Assignment -
Scan the records below for the line with "real) \<Rightarrow> real measure measure" and the line with "districting_plan sl su F H \<and>". Repeat those two lines and every line between them exactly, and nothing else.

Information given -

§ §

(* Let $q$ be a prime and $b,c$ positive integers. (1) If $\frac{b+c}{\gcd(b,c)}=q$, then the threshold is $n_0(b,c;q)=\gcd(b,c)$. (2) If $\gcd(b,c)=1$ and $b+c=q^2$, then $n_0(b,c;q)=q+1$.
   Context: The Hamming graph $H(n,q)$ has vertex set $\mathbb{Z}_q^n$, two vertices adjacent iff they differ in exactly one coordinate. A $(b,c)$-coloring of $H(n,q)$ is a surjective map onto $\{1,2\}$ in which each color-1 vertex has exactly $b$ neighbours of color 2 and each color-2 vertex has exactly $c$ neighbours of color 1. The threshold $n_0(b,c;q)$ is the least $n$ such that a $(b,c)$-coloring of $H(n,q)$ exists (such colorings then exist for all $n\ge n_0$ and for no smaller $n$). *)

theory Defs
  imports Main "HOL-Computational_Algebra.Primes"
begin

definition hamming_vertices :: "nat \<Rightarrow> nat \<Rightarrow> (nat \<Rightarrow> nat) set" where
  "hamming_vertices n q = {x. (\<forall>i<n. x i < q) \<and> (\<forall>i\<ge>n. x i = 0)}"

definition hamming_adj :: "nat \<Rightarrow> (nat \<Rightarrow> nat) \<Rightarrow> (nat \<Rightarrow> nat) \<Rightarrow> bool" where
  "hamming_adj n x y \<longleftrightarrow> card {i. i < n \<and> x i \<noteq> y i} = 1"

definition is_bc_coloring :: "nat \<Rightarrow> nat \<Rightarrow> nat \<Rightarrow> nat \<Rightarrow> ((nat \<Rightarrow> nat) \<Rightarrow> nat) \<Rightarrow> bool" where
  "is_bc_coloring b c n q f \<longleftrightarrow>
     f ` hamming_vertices n q = {1, 2} \<and>
     (\<forall>x\<in>hamming_vertices n q. f x = 1 \<longrightarrow>
        card {y\<in>hamming_vertices n q. hamming_adj n x y \<and> f y = 2} = b) \<and>
     (\<forall>x\<in>hamming_vertices n q. f x = 2 \<longrightarrow>
        card {y\<in>hamming_vertices n q. hamming_adj n x y \<and> f y = 1} = c)"
(* Let voter types lie in $[\underline s,\overline s]$ with population distribution $F$ having a strictly positive density on $[\underline s,\overline s]$, and let the aggregate shock $r\in\mathbb R$ have distribution $G$ with a strictly positive density on $\mathbb R$. Assume there is no idiosyncratic uncertainty: the share of type-$s$ voters voting for the designer at shock $r$ is $v(s,r)=\mathbf 1\{s\geq r\}$ for all $(s,r)$. Let $s^m=F^{-1}(1/2)$ be the population median type. Then a districting plan $\mathcal H$ is optimal if and only if for $\mathcal H$-almost every district $P\in\operatorname{supp}(\mathcal H)$ there exists a voter type $s^P\geq s^m$ such that $\Pr_P(s=s^P)=\Pr_P(s<s^m)=1/2$. Moreover, under such a plan the designer wins district $P$ if and only if $r\leq s^P$.
   Context: A district is a Borel probability distribution $P$ on $[\underline s,\overline s]$ (the distribution of voter types in it). A districting plan is a Borel probability measure $\mathcal H$ on the space $\Delta[\underline s,\overline s]$ of such distributions (weak* topology) satisfying $\int P(S)\,d\mathcal H(P)=F(S)$ for every Borel $S\subseteq[\underline s,\overline s]$ (districts are equipopulous and together contain the whole population). At aggregate shock $r$, the designer wins district $P$ iff $\int v(s,r)\,dP(s)\geq 1/2$. The designer's expected seat share under $\mathcal H$ is $\int \Pr_{r\sim G}(\text{designer wins }P)\,d\mathcal H(P)$, and a plan is optimal if it maximizes this quantity over all districting plans. *)

theory Defs
  imports "HOL-Probability.Probability"
begin

definition type_space :: "real \<Rightarrow> real \<Rightarrow> real measure" where
  "type_space sl su = restrict_space borel {sl..su}"

definition wins :: "(real \<Rightarrow> real \<Rightarrow> real) \<Rightarrow> real measure \<Rightarrow> real \<Rightarrow> bool" where
  "wins v P r \<longleftrightarrow> (\<integral>s. v s r \<partial>P) \<ge> 1/2"

definition districting_plan ::
  "real \<Rightarrow> real \<Rightarrow> real measure \<Rightarrow> real measure measure \<Rightarrow> bool" where
  "districting_plan sl su F H \<longleftrightarrow>
     sets H = sets (prob_algebra (type_space sl su)) \<and> prob_space H \<and>
     (\<forall>S \<in> sets (type_space sl su). (\<integral>P. measure P S \<partial>H) = measure F S)"

definition seat_share ::
  "real measure \<Rightarrow> (real \<Rightarrow> real \<Rightarrow> real) \<Rightarrow> real measure measure \<Rightarrow> ennreal" where
  "seat_share G v H = (\<integral>\<^sup>+P. emeasure G {r. wins v P r} \<partial>H)"

definition optimal_plan ::
  "real \<Rightarrow> real \<Rightarrow> real measure \<Rightarrow> real measure \<Rightarrow> (real \<Rightarrow> real \<Rightarrow> real)
     \<Rightarrow> real measure measure \<Rightarrow> bool" where
  "optimal_plan sl su F G v H \<longleftrightarrow>
     districting_plan sl su F H \<and>
     (\<forall>H'. districting_plan sl su F H' \<longrightarrow> seat_share G v H' \<le> seat_share G v H)"

end

theory Submission
  imports Defs
begin

text \<open>Without idiosyncratic noise a district P is won exactly at the shocks r \<le> q(P), its upper
  median, so it contributes G(q(P)) to the seat share. Give a voter of type s the weight w(s) = G(sm)
  if s < sm and w(s) = 2 G(s) - G(sm) otherwise. Every district satisfies G(q(P)) \<le> \<integral> w dP: for
  q(P) \<ge> sm the weight dominates the step function equal to 2 G(q(P)) - G(sm) on [q(P), \<infinity>) and to
  G(sm) below, whose P-mean is at least G(q(P)) because P puts mass at least 1/2 on [q(P), \<infinity>).
  Averaging over a plan bounds every seat share by \<integral> w dF. As G is strictly increasing, equality in
  a district without an atom at sm forces half of its mass onto q(P) > sm and the other half below
  sm; conversely, pairing independent draws from the two halves of F into two-point districts
  attains the bound.\<close>

lemma space_type_space [simp]: "space (type_space sl su) = {sl..su}"
  by (simp add: type_space_def space_restrict_space)

lemma sets_type_space_iff: "A \<in> sets (type_space sl su) \<longleftrightarrow> A \<subseteq> {sl..su} \<and> A \<in> sets borel"
  unfolding type_space_def by (subst sets_restrict_space_iff) auto

lemma measurable_type_space: "f \<in> borel \<rightarrow>\<^sub>M N \<Longrightarrow> f \<in> type_space sl su \<rightarrow>\<^sub>M N"
  unfolding type_space_def by (rule measurable_restrict_space1)

lemma type_distributionD:
  assumes "P \<in> space (prob_algebra (type_space sl su))"
  shows "prob_space P" and "sets P = sets (type_space sl su)" and "space P = {sl..su}"
  using assms by (auto simp: space_prob_algebra dest: sets_eq_imp_space_eq)

definition upper_median :: "real measure \<Rightarrow> real" where
  "upper_median P = Sup {r. 1/2 \<le> measure P {s \<in> space P. r \<le> s}}"

lemma measure_upper_set_ge_limit:
  fixes M :: "real measure" and q c :: real
  assumes M: "finite_measure M"
    and sets: "\<And>r. {s \<in> space M. r \<le> s} \<in> sets M"
    and below: "\<And>r. r < q \<Longrightarrow> c \<le> measure M {s \<in> space M. r \<le> s}"
  shows "c \<le> measure M {s \<in> space M. q \<le> s}"
proof -
  interpret finite_measure M
    by (rule M)
  define A where "A n = {s \<in> space M. q - 1 / real (Suc n) \<le> s}" for n
  have A_sets: "A n \<in> sets M" for n
    using sets by (simp add: A_def)
  have "1 / real (Suc n) \<le> 1 / real (Suc m)" if "m \<le> n" for m n
    using that by (intro divide_left_mono) auto
  then have "decseq A"
    by (force simp: A_def decseq_def)
  moreover have "(\<Inter>n. A n) = {s \<in> space M. q \<le> s}"
  proof (intro equalityI subsetI)
    fix x assume x: "x \<in> (\<Inter>n. A n)"
    have "(\<lambda>n. q - 1 / real (Suc n)) \<longlonglongrightarrow> q - 0"
      using LIMSEQ_inverse_real_of_nat by (intro tendsto_diff tendsto_const) (simp add: inverse_eq_divide)
    then have "q - 0 \<le> x"
      by (rule LIMSEQ_le_const2) (use x in \<open>auto simp: A_def\<close>)
    then show "x \<in> {s \<in> space M. q \<le> s}"
      using x by (simp add: A_def)
  qed (auto simp: A_def intro: order_trans[rotated])
  ultimately have lim: "(\<lambda>n. measure M (A n)) \<longlonglongrightarrow> measure M {s \<in> space M. q \<le> s}"
    using A_sets by (metis finite_Lim_measure_decseq image_subsetI)
  have "c \<le> measure M (A n)" for n
    unfolding A_def by (rule below) simp
  then show ?thesis
    by (intro LIMSEQ_le_const[OF lim]) auto
qed

lemma measure_upper_set_type_distribution:
  assumes P: "P \<in> space (prob_algebra (type_space sl su))"
  shows "r \<le> sl \<Longrightarrow> measure P {s \<in> space P. r \<le> s} = 1"
    and "su < r \<Longrightarrow> measure P {s \<in> space P. r \<le> s} = 0"
proof -
  interpret prob_space P
    using type_distributionD[OF P] by simp
  have space: "space P = {sl..su}"
    using type_distributionD[OF P] by simp
  show "prob {s \<in> space P. r \<le> s} = 1" if "r \<le> sl"
  proof -
    have "{s \<in> space P. r \<le> s} = space P"
      using that by (auto simp: space)
    then show ?thesis
      by (simp only: prob_space)
  qed
  show "prob {s \<in> space P. r \<le> s} = 0" if "su < r"
  proof -
    have "{s \<in> space P. r \<le> s} = {}"
      using that by (auto simp: space)
    then show ?thesis
      by (simp only:) simp
  qed
qed

lemma upper_median_iff:
  assumes P: "P \<in> space (prob_algebra (type_space sl su))"
  shows "1/2 \<le> measure P {s \<in> space P. r \<le> s} \<longleftrightarrow> r \<le> upper_median P"
proof -
  interpret prob_space P
    using type_distributionD[OF P] by simp
  have sets: "\<And>r. {s \<in> space P. r \<le> s} \<in> events"
    using type_distributionD[OF P] by (auto simp: sets_type_space_iff)
  define R where "R = {r. 1/2 \<le> prob {s \<in> space P. r \<le> s}}"
  have down_closed: "r \<in> R" if "r' \<in> R" "r \<le> r'" for r r'
  proof -
    have "prob {s \<in> space P. r' \<le> s} \<le> prob {s \<in> space P. r \<le> s}"
      using \<open>r \<le> r'\<close> sets by (intro finite_measure_mono) auto
    then show ?thesis
      using \<open>r' \<in> R\<close> by (simp add: R_def)
  qed
  have "sl \<in> R"
    using measure_upper_set_type_distribution(1)[OF P, of sl] by (simp add: R_def)
  moreover have "r \<le> su" if "r \<in> R" for r
    by (rule ccontr) (use that measure_upper_set_type_distribution(2)[OF P, of r] in \<open>simp add: R_def\<close>)
  ultimately have R_ne: "R \<noteq> {}" and R_bdd: "bdd_above R"
    by (auto simp: bdd_above_def)
  have "1/2 \<le> prob {s \<in> space P. Sup R \<le> s}"
  proof (rule measure_upper_set_ge_limit[OF prob_space.finite_measure[OF type_distributionD(1)[OF P]] sets])
    fix r assume "r < Sup R"
    then obtain r' where "r' \<in> R" "r < r'"
      using less_cSup_iff[OF R_ne R_bdd] by blast
    then show "1/2 \<le> prob {s \<in> space P. r \<le> s}"
      using down_closed[of r' r] by (simp add: R_def)
  qed
  then have "r \<in> R \<longleftrightarrow> r \<le> Sup R"
    using down_closed[of "Sup R" r] cSup_upper[OF _ R_bdd] by (auto simp: R_def)
  then show ?thesis
    by (simp add: R_def upper_median_def)
qed

lemma upper_median_in_type_space:
  assumes P: "P \<in> space (prob_algebra (type_space sl su))"
  shows "upper_median P \<in> {sl..su}"
proof -
  have "sl \<le> upper_median P"
    using upper_median_iff[OF P, of sl] measure_upper_set_type_distribution(1)[OF P, of sl] by simp
  moreover have "upper_median P \<le> su"
  proof (rule ccontr)
    assume "\<not> upper_median P \<le> su"
    then show False
      using upper_median_iff[OF P, of "upper_median P"]
        measure_upper_set_type_distribution(2)[OF P, of "upper_median P"] by simp
  qed
  ultimately show ?thesis
    by simp
qed

lemma borel_measurable_upper_median [measurable]:
  "upper_median \<in> borel_measurable (prob_algebra (type_space sl su))"
proof (rule borel_measurableI_ge)
  fix r
  have "{P \<in> space (prob_algebra (type_space sl su)). r \<le> upper_median P} =
      {P \<in> space (prob_algebra (type_space sl su)). 1/2 \<le> measure P {s \<in> {sl..su}. r \<le> s}}"
    by (intro Collect_cong conj_cong refl) (metis upper_median_iff type_distributionD(3))
  also have "\<dots> \<in> sets (prob_algebra (type_space sl su))"
  proof -
    have "(\<lambda>P. measure P {s \<in> {sl..su}. r \<le> s}) \<in> borel_measurable (prob_algebra (type_space sl su))"
      by (rule measurable_measure_prob_algebra) (auto simp: sets_type_space_iff)
    then show ?thesis
      unfolding borel_measurable_iff_ge by blast
  qed
  finally show "{P \<in> space (prob_algebra (type_space sl su)). r \<le> upper_median P}
      \<in> sets (prob_algebra (type_space sl su))" .
qed

lemma wins_iff_le_upper_median:
  assumes v: "\<forall>s r. v s r = (if r \<le> s then 1 else 0)"
    and P: "P \<in> space (prob_algebra (type_space sl su))"
  shows "wins v P r \<longleftrightarrow> r \<le> upper_median P"
proof -
  interpret prob_space P using type_distributionD[OF P] by simp
  have "(\<integral>s. v s r \<partial>P) = (\<integral>s. indicator {s \<in> space P. r \<le> s} s \<partial>P)"
    using v by (intro Bochner_Integration.integral_cong) (auto simp: indicator_def)
  also have "\<dots> = prob {s \<in> space P. r \<le> s}"
    using type_distributionD[OF P] by (simp add: Int_absorb2 subset_iff)
  finally show ?thesis
    unfolding wins_def using upper_median_iff[OF P] by simp
qed
lemma square_neighbourhoods:
  assumes sq: "square a x b y" and x_closed: "\<And>w. E w x \<Longrightarrow> w \<in> {a, x, b, y}"
  shows "\<And>t w. E a t \<Longrightarrow> E t w \<longleftrightarrow> w = a \<or> w = b" and "\<And>w. E b w \<longleftrightarrow> E a w"
proof -
  note s = squareD[OF sq]
  have sq': "square y a x b" using sq square_rotate by blast
  have x_nbrs: "E x w \<longleftrightarrow> w = a \<or> w = b" for w
    using x_closed[OF sym] s irrefl sym[of x y] by auto
  have y_nbrs: "E y w \<longleftrightarrow> w = a \<or> w = b" for w
  proof -
    have "w \<in> {a, x, b, y}" if "E y w"
      using that x_closed square_outer_adjacent_opposite[OF sq', of w] sym by blast
    then show ?thesis using s irrefl sym[of y x] by auto
  qed
  show a_nbr_nbrs: "E t w \<longleftrightarrow> w = a \<or> w = b" if "E a t" for t w
  proof (cases "t \<in> {x, y}")
    case True
    then show ?thesis using x_nbrs y_nbrs by blast
  next
    case False
    then have outer: "t \<notin> {a, x, b, y}" using that s(11) irrefl[of a] by auto
    have "E t a" using sym[OF that] .
    then show ?thesis
      using square_outer_neighbour[OF sq outer] square_outer_adjacent_opposite[OF sq outer] by blast
  qed
  have "E a w" if "E b w" for w
  proof (cases "w \<in> {a, x, b, y}")
    case True
    then show ?thesis using that s(3,10,11) irrefl[of b] sym[of b a] by auto
  next
    case False
    have "square b y a x" using sq' square_rotate by blast
    with False have "E w a" using square_outer_adjacent_opposite[OF _ _ sym[OF that]] by auto
    then show ?thesis by (rule sym)
  qed
  then show "E b w \<longleftrightarrow> E a w" for w using a_nbr_nbrs[of w b] sym[of w b] by blast
qed

lemma square_component_eq:
  assumes sq: "square a x b y" and x_closed: "\<And>w. E w x \<Longrightarrow> w \<in> {a, x, b, y}"
  shows "C = {a, b} \<union> {t. E a t}"
proof
  note s = squareD[OF sq]
  show "C \<subseteq> {a, b} \<union> {t. E a t}"
  proof (rule component_subset_closed_set[OF simple component s(1)])
    fix p q assume "p \<in> {a, b} \<union> {t. E a t}" "E p q"
    then show "q \<in> {a, b} \<union> {t. E a t}" using square_neighbourhoods[OF sq x_closed] by blast
  qed simp
  show "{a, b} \<union> {t. E a t} \<subseteq> C" using s(1) closed[OF closed[OF s(1) s(3)] s(4)] closed by blast
qed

§ §

Result of this exercise -
  "real measure \<Rightarrow> (real \<Rightarrow> real \<Rightarrow> real) \<Rightarrow> real measure measure \<Rightarrow> ennreal" where
  "seat_share G v H = (\<integral>\<^sup>+P. emeasure G {r. wins v P r} \<partial>H)"

definition optimal_plan ::
  "real \<Rightarrow> real \<Rightarrow> real measure \<Rightarrow> real measure \<Rightarrow> (real \<Rightarrow> real \<Rightarrow> real)
     \<Rightarrow> real measure measure \<Rightarrow> bool" where
  "optimal_plan sl su F G v H \<longleftrightarrow>
     districting_plan sl su F H \<and>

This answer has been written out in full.